◆ PROBLEM DESCRIPTION ◆
Among the entries below, please repeat exactly and only the lines from the line containing "h \<le> B\<^sup>2" to the line containing "s t))\<^sup>2 \<le>", both lines included.

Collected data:
_ _ _ _ _ _ _

lemma card_partition_crossings:
  fixes a :: "nat \<Rightarrow> 'b::linorder"
  assumes inc: "\<forall>h<H. a h < a (Suc h)"
  shows "card {h. h < H \<and> a h < t \<and> t \<le> a (Suc h)} \<le> 1"
    and "card {h. h < H \<and> a h \<le> t \<and> t < a (Suc h)} \<le> 1"
proof -
  have at_most_one: "card S \<le> 1"
    if "S \<subseteq> {..<H}" and "\<And>h h'. h \<in> S \<Longrightarrow> h' \<in> S \<Longrightarrow> h < h' \<Longrightarrow> False" for S
  proof -
    have "finite S"
      using that(1) finite_subset by blast
    then show ?thesis
      unfolding One_nat_def card_le_Suc0_iff_eq[OF \<open>finite S\<close>]
      using that(2) linorder_neqE_nat by blast
  qed
  have disjoint: "a (Suc h) \<le> a h'" if "h < h'" "h' < H" for h h'
    using that by (intro increasing_partition_mono[OF inc]) auto
  show "card {h. h < H \<and> a h < t \<and> t \<le> a (Suc h)} \<le> 1"
  proof (rule at_most_one)
    fix h h' assume "h \<in> {h. h < H \<and> a h < t \<and> t \<le> a (Suc h)}"
      and "h' \<in> {h. h < H \<and> a h < t \<and> t \<le> a (Suc h)}" and "h < h'"
    then show False
      using disjoint[of h h'] by (metis mem_Collect_eq not_le order.trans)
  qed auto
  show "card {h. h < H \<and> a h \<le> t \<and> t < a (Suc h)} \<le> 1"
  proof (rule at_most_one)
    fix h h' assume "h \<in> {h. h < H \<and> a h \<le> t \<and> t < a (Suc h)}"
      and "h' \<in> {h. h < H \<and> a h \<le> t \<and> t < a (Suc h)}" and "h < h'"
    then show False
      using disjoint[of h h'] by (metis mem_Collect_eq not_le order.strict_trans2)
  qed auto
qed

lemma card_partition_cover:
  fixes a :: "nat \<Rightarrow> 'b::linorder"
  assumes inc: "\<forall>h<H. a h < a (Suc h)"
  shows "card {h. h < H \<and> a h \<le> t \<and> t \<le> a (Suc h)} \<le> 2"
proof -
  let ?L = "{h. h < H \<and> a h < t \<and> t \<le> a (Suc h)}"
  let ?R = "{h. h < H \<and> a h \<le> t \<and> t < a (Suc h)}"
  have "{h. h < H \<and> a h \<le> t \<and> t \<le> a (Suc h)} \<subseteq> ?L \<union> ?R"
  proof
    fix h assume h: "h \<in> {h. h < H \<and> a h \<le> t \<and> t \<le> a (Suc h)}"
    show "h \<in> ?L \<union> ?R"
    proof (cases "a h < t")
      case False
      with h have "a h = t"
        by simp
      moreover have "a h < a (Suc h)"
        using h inc by simp
      ultimately show ?thesis
        using h by simp
    qed (use h in simp)
  qed
  moreover have "finite (?L \<union> ?R)"
    by (rule finite_subset[of _ "{..<H}"]) auto
  ultimately have "card {h. h < H \<and> a h \<le> t \<and> t \<le> a (Suc h)} \<le> card (?L \<union> ?R)"
    by (rule card_mono[rotated])
  also have "\<dots> \<le> card ?L + card ?R"
    by (rule card_Un_le)
  finally have "card {h. h < H \<and> a h \<le> t \<and> t \<le> a (Suc h)} \<le> card ?L + card ?R" .
  then show ?thesis
    using card_partition_crossings[OF inc, of t] by linarith
qed

lemma sum_indicator_slice_event_le_2:
  assumes "\<forall>h<H. a h < a (Suc h)"
  shows "(\<Sum>h<H. indicator (slice_event M Y a h) x) \<le> (2::real)"
proof -
  have "(\<Sum>h<H. indicator (slice_event M Y a h) x :: real) =
      real (card ({..<H} \<inter> {h. x \<in> slice_event M Y a h}))"
    by (simp add: indicator_def of_bool_def sum.If_cases)
  also have "\<dots> \<le> real (card {h. h < H \<and> a h \<le> ereal (Y x) \<and> ereal (Y x) \<le> a (Suc h)})"
    by (intro of_nat_mono card_mono) (auto simp: slice_event_def)
  also have "\<dots> \<le> 2"
    using card_partition_cover[OF assms] by simp
  finally show ?thesis .
qed

definition ereal_clamp :: "real \<Rightarrow> ereal \<Rightarrow> real" where
  "ereal_clamp R t = (if t \<le> ereal (-R) then -R else if ereal R \<le> t then R else real_of_ereal t)"

lemma ereal_clamp_bounds: "R \<ge> 0 \<Longrightarrow> -R \<le> ereal_clamp R t \<and> ereal_clamp R t \<le> R"
  by (cases t) (auto simp: ereal_clamp_def)

lemma ereal_clamp_mono: "R \<ge> 0 \<Longrightarrow> t \<le> t' \<Longrightarrow> ereal_clamp R t \<le> ereal_clamp R t'"
  by (cases t; cases t') (auto simp: ereal_clamp_def)

lemma ereal_clamp_le: "-R \<le> y \<Longrightarrow> y \<le> R \<Longrightarrow> t \<le> ereal y \<Longrightarrow> ereal_clamp R t \<le> y"
  by (cases t) (auto simp: ereal_clamp_def)

lemma ereal_clamp_ge: "-R \<le> y \<Longrightarrow> y \<le> R \<Longrightarrow> ereal y \<le> t \<Longrightarrow> y \<le> ereal_clamp R t"
  by (cases t) (auto simp: ereal_clamp_def)

lemma ereal_clamp_infinity [simp]: "R \<ge> 0 \<Longrightarrow> ereal_clamp R (-\<infinity>) = -R" "R \<ge> 0 \<Longrightarrow> ereal_clamp R \<infinity> = R"
  by (auto simp: ereal_clamp_def)

text \<open>The clamped slice widths telescope to the length \<open>2 R\<close> of \<open>[-R, R]\<close>.\<close>

lemma card_wide_clamped_slices:
  fixes a :: "nat \<Rightarrow> ereal"
  assumes inc: "\<forall>h<H. a h < a (Suc h)" and "a 0 = -\<infinity>" "a H = \<infinity>" "R \<ge> 0" "\<eta> > 0"
  shows "real (card {h. h < H \<and> \<eta> < ereal_clamp R (a (Suc h)) - ereal_clamp R (a h)}) \<le> 2 * R / \<eta>"
proof -
  let ?D = "{h. h < H \<and> \<eta> < ereal_clamp R (a (Suc h)) - ereal_clamp R (a h)}"
  have "real (card ?D) * \<eta> \<le> (\<Sum>h\<in>?D. ereal_clamp R (a (Suc h)) - ereal_clamp R (a h))"
    by (intro sum_bounded_below) auto
  also have "\<dots> \<le> (\<Sum>h<H. ereal_clamp R (a (Suc h)) - ereal_clamp R (a h))"
    using inc \<open>R \<ge> 0\<close> by (intro sum_mono2) (auto intro: ereal_clamp_mono less_imp_le)
  also have "\<dots> = 2 * R"
    using assms sum_lessThan_telescope[of "\<lambda>h. ereal_clamp R (a h)" H] by simp
  finally show ?thesis
    using \<open>\<eta> > 0\<close> by (simp add: field_simps)
qed

definition short_inner_slice :: "real \<Rightarrow> real \<Rightarrow> ereal \<Rightarrow> ereal \<Rightarrow> bool" where
  "short_inner_slice R \<eta> s t \<longleftrightarrow>
     ereal (-R) \<le> s \<and> t \<le> ereal R \<and> ereal_clamp R t - ereal_clamp R s \<le> \<eta>"

definition exceptional_slice :: "real \<Rightarrow> real \<Rightarrow> ereal \<Rightarrow> ereal \<Rightarrow> bool" where
  "exceptional_slice R \<eta> s t \<longleftrightarrow>
     (s < ereal (-R) \<and> ereal (-R) \<le> t) \<or> (s \<le> ereal R \<and> ereal R < t) \<or>
     \<eta> < ereal_clamp R t - ereal_clamp R s"

lemma card_exceptional_slices:
  fixes a :: "nat \<Rightarrow> ereal"
  assumes inc: "\<forall>h<H. a h < a (Suc h)" and "a 0 = -\<infinity>" "a H = \<infinity>" "R \<ge> 0" "\<eta> > 0"
  shows "real (card {h. h < H \<and> exceptional_slice R \<eta> (a h) (a (Suc h))}) \<le> 2 * R / \<eta> + 2"
proof -
  let ?L = "{h. h < H \<and> a h < ereal (-R) \<and> ereal (-R) \<le> a (Suc h)}"
  let ?R = "{h. h < H \<and> a h \<le> ereal R \<and> ereal R < a (Suc h)}"
  let ?D = "{h. h < H \<and> \<eta> < ereal_clamp R (a (Suc h)) - ereal_clamp R (a h)}"
  have "{h. h < H \<and> exceptional_slice R \<eta> (a h) (a (Suc h))} = ?L \<union> ?R \<union> ?D"
    by (auto simp: exceptional_slice_def)
  then have "card {h. h < H \<and> exceptional_slice R \<eta> (a h) (a (Suc h))} \<le> card ?L + card ?R + card ?D"
    by (metis (no_types, lifting) card_Un_le add_le_mono1 order_trans)
  moreover have "card ?L \<le> 1" "card ?R \<le> 1"
    using card_partition_crossings[OF inc] by blast+
  ultimately show ?thesis
    using card_wide_clamped_slices[OF assms] by linarith
qed

lemma sum_exceptional_slices_le:
  fixes a :: "nat \<Rightarrow> ereal" and P :: "nat \<Rightarrow> real"
  assumes "\<forall>h<H. a h < a (Suc h)" and "a 0 = -\<infinity>" "a H = \<infinity>" "R \<ge> 0" "\<eta> > 0"
    and "c \<ge> 0" and small: "\<forall>h<H. P h \<le> c / real H"
  shows "(\<Sum>h<H. (if exceptional_slice R \<eta> (a h) (a (Suc h)) then B\<^sup>2 else 0) * P h)
    \<le> B\<^sup>2 * c * (2 * R / \<eta> + 2) / real H"
proof -
  let ?E = "{h. h < H \<and> exceptional_slice R \<eta> (a h) (a (Suc h))}"
  have "(\<Sum>h<H. (if exceptional_slice R \<eta> (a h) (a (Suc h)) then B\<^sup>2 else 0) * P h)
      \<le> (\<Sum>h<H. if exceptional_slice R \<eta> (a h) (a (Suc h)) then B\<^sup>2 * (c / real H) else 0)"
  proof (rule sum_mono)
    fix h assume "h \<in> {..<H}"
    then have "B\<^sup>2 * P h \<le> B\<^sup>2 * (c / real H)"
      using small by (intro mult_left_mono) auto
    then show "(if exceptional_slice R \<eta> (a h) (a (Suc h)) then B\<^sup>2 else 0) * P h
        \<le> (if exceptional_slice R \<eta> (a h) (a (Suc h)) then B\<^sup>2 * (c / real H) else 0)"
      by simp
  qed
  also have "\<dots> = real (card ?E) * (B\<^sup>2 * (c / real H))"
  proof -
    have "{..<H} \<inter> {h. exceptional_slice R \<eta> (a h) (a (Suc h))} = ?E"
      by auto
    then show ?thesis
      by (simp add: sum.If_cases)
  qed
  also have "\<dots> \<le> (2 * R / \<eta> + 2) * (B\<^sup>2 * (c / real H))"
    using card_exceptional_slices[OF assms(1-5)] \<open>c \<ge> 0\<close> by (intro mult_right_mono) auto
  finally show ?thesis
    by (simp add: mult_ac)
qed

text \<open>
  Short slices inside \<open>[-R, R]\<close> are centred at the value of \<open>f\<close> at their clamped left end, all
  others at \<open>0\<close>: their mass outside \<open>[-R, R]\<close> is then charged to the tail of \<open>|f|\<^sup>2\<close>, and their
  mass inside to the few exceptional slices.
\<close>

definition slice_center :: "(real \<Rightarrow> 'b::zero) \<Rightarrow> real \<Rightarrow> real \<Rightarrow> ereal \<Rightarrow> ereal \<Rightarrow> 'b" where
  "slice_center f R \<eta> s t = (if short_inner_slice R \<eta> s t then f (ereal_clamp R s) else 0)"

lemma square_dist_slice_center_le:
  fixes f :: "real \<Rightarrow> 'b::real_normed_vector"
  assumes close: "\<And>y y'. y \<in> {-R..R} \<Longrightarrow> y' \<in> {-R..R} \<Longrightarrow> \<bar>y - y'\<bar> \<le> \<eta> \<Longrightarrow> (norm (f y - f y'))\<^sup>2 \<le> \<epsilon>"
    and bound: "\<And>y. y \<in> {-R..R} \<Longrightarrow> norm (f y) \<le> B"
    and "R \<ge> 0" and "\<epsilon> \<ge> 0" and slice: "s \<le> ereal y" "ereal y \<le> t"
  shows "(norm (f y - slice_center f R \<eta> s t))\<^sup>2 \<le>
    \<epsilon> + (if R < \<bar>y\<bar> then (norm (f y))\<^sup>2 else 0) + (if exceptional_slice R \<eta> s t then B\<^sup>2 else 0)"
proof -
  consider (short) "short_inner_slice R \<eta> s t" | (outer) "\<not> short_inner_slice R \<eta> s t" "R < \<bar>y\<bar>"
    | (exceptional) "\<not> short_inner_slice R \<eta> s t" "\<bar>y\<bar> \<le> R"
    by linarith
  then show ?thesis
  proof cases
    case short
    then have "ereal (-R) \<le> ereal y" "ereal y \<le> ereal R"
      using slice short unfolding short_inner_slice_def by (meson order_trans)+
    then have y: "y \<in> {-R..R}"
      by simp
    then have "\<bar>y - ereal_clamp R s\<bar> \<le> \<eta>"
      using short slice ereal_clamp_le[of R y s] ereal_clamp_ge[of R y t]
      by (auto simp: short_inner_slice_def)
    then have "(norm (f y - f (ereal_clamp R s)))\<^sup>2 \<le> \<epsilon>"
      using y ereal_clamp_bounds[OF \<open>R \<ge> 0\<close>] by (intro close) auto
    then show ?thesis
      using short by (simp add: slice_center_def add_increasing2)
  next
    case outer
    then show ?thesis
      using \<open>0 \<le> \<epsilon>\<close> by (simp add: slice_center_def)
  next
    case exceptional
    have "exceptional_slice R \<eta> s t"
      using exceptional slice unfolding short_inner_slice_def exceptional_slice_def
      by (smt (verit, ccfv_threshold) ereal_less_eq(3) linorder_not_le order_trans)
    moreover have "(norm (f y))\<^sup>2 \<le> B\<^sup>2"
      using bound[of y] exceptional by (intro power_mono) (auto simp: abs_le_iff)
    ultimately show ?thesis
      using exceptional \<open>0 \<le> \<epsilon>\<close> by (simp add: slice_center_def)
  qed
qed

_ _ _ _ _ _ _

◆ WORKED SOLUTION ◆
    then have "B\<^sup>2 * P h \<le> B\<^sup>2 * (c / real H)"
      using small by (intro mult_left_mono) auto
    then show "(if exceptional_slice R \<eta> (a h) (a (Suc h)) then B\<^sup>2 else 0) * P h
        \<le> (if exceptional_slice R \<eta> (a h) (a (Suc h)) then B\<^sup>2 * (c / real H) else 0)"
      by simp
  qed
  also have "\<dots> = real (card ?E) * (B\<^sup>2 * (c / real H))"
  proof -
    have "{..<H} \<inter> {h. exceptional_slice R \<eta> (a h) (a (Suc h))} = ?E"
      by auto
    then show ?thesis
      by (simp add: sum.If_cases)
  qed
  also have "\<dots> \<le> (2 * R / \<eta> + 2) * (B\<^sup>2 * (c / real H))"
    using card_exceptional_slices[OF assms(1-5)] \<open>c \<ge> 0\<close> by (intro mult_right_mono) auto
  finally show ?thesis
    by (simp add: mult_ac)
qed

text \<open>
  Short slices inside \<open>[-R, R]\<close> are centred at the value of \<open>f\<close> at their clamped left end, all
  others at \<open>0\<close>: their mass outside \<open>[-R, R]\<close> is then charged to the tail of \<open>|f|\<^sup>2\<close>, and their
  mass inside to the few exceptional slices.
\<close>

definition slice_center :: "(real \<Rightarrow> 'b::zero) \<Rightarrow> real \<Rightarrow> real \<Rightarrow> ereal \<Rightarrow> ereal \<Rightarrow> 'b" where
  "slice_center f R \<eta> s t = (if short_inner_slice R \<eta> s t then f (ereal_clamp R s) else 0)"

lemma square_dist_slice_center_le:
  fixes f :: "real \<Rightarrow> 'b::real_normed_vector"
  assumes close: "\<And>y y'. y \<in> {-R..R} \<Longrightarrow> y' \<in> {-R..R} \<Longrightarrow> \<bar>y - y'\<bar> \<le> \<eta> \<Longrightarrow> (norm (f y - f y'))\<^sup>2 \<le> \<epsilon>"
    and bound: "\<And>y. y \<in> {-R..R} \<Longrightarrow> norm (f y) \<le> B"
    and "R \<ge> 0" and "\<epsilon> \<ge> 0" and slice: "s \<le> ereal y" "ereal y \<le> t"
  shows "(norm (f y - slice_center f R \<eta> s t))\<^sup>2 \<le>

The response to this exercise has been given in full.